- [What is required]:
Return exactly the lines of the entries, from the one with "theory Defs" to the last.

- [Records to process]:
++++++++++++++++++++

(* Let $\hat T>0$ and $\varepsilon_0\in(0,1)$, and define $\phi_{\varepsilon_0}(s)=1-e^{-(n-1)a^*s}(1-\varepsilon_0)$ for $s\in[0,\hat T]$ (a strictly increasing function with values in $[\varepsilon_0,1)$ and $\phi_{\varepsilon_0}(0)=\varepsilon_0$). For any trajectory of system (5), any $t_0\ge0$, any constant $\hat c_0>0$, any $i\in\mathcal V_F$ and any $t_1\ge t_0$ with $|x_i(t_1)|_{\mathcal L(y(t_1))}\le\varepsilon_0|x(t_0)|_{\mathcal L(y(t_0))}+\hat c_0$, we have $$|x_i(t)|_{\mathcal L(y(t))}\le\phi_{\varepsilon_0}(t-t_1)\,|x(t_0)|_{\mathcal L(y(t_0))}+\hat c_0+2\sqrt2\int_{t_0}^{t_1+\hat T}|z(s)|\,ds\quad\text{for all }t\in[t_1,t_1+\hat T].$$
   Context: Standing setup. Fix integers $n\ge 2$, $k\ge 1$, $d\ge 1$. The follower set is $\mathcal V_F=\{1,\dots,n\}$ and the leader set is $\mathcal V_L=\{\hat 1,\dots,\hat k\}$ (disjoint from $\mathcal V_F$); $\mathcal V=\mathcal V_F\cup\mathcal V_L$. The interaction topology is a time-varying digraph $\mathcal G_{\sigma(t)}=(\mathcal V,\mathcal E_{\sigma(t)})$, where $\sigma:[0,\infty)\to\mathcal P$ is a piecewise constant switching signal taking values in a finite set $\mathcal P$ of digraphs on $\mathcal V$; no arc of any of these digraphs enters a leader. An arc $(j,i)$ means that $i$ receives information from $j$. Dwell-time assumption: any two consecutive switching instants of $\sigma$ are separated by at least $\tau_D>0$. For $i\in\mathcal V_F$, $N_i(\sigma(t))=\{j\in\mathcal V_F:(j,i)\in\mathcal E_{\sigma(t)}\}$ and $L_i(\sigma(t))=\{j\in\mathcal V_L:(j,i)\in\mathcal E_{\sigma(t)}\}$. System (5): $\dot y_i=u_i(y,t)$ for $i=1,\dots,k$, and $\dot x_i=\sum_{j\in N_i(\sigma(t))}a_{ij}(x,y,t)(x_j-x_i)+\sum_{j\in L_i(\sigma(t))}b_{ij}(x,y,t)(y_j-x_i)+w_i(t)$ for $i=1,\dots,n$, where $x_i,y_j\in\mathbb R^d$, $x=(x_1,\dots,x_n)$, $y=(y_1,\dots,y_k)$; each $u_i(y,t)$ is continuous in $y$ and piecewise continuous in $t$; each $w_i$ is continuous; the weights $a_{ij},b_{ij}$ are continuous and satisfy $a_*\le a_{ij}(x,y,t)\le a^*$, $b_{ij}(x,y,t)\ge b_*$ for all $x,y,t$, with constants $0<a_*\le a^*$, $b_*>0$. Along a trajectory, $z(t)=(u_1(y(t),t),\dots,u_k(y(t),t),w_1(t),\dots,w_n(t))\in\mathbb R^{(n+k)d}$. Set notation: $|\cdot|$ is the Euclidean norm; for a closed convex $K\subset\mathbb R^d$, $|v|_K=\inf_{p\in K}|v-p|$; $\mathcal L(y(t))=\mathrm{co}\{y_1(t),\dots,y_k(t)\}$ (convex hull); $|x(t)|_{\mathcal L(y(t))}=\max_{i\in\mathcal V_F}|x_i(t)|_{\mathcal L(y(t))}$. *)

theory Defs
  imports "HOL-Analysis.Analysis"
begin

++++++++++++++++++++

- [Answer space]:
theory Defs
  imports "HOL-Analysis.Analysis"
begin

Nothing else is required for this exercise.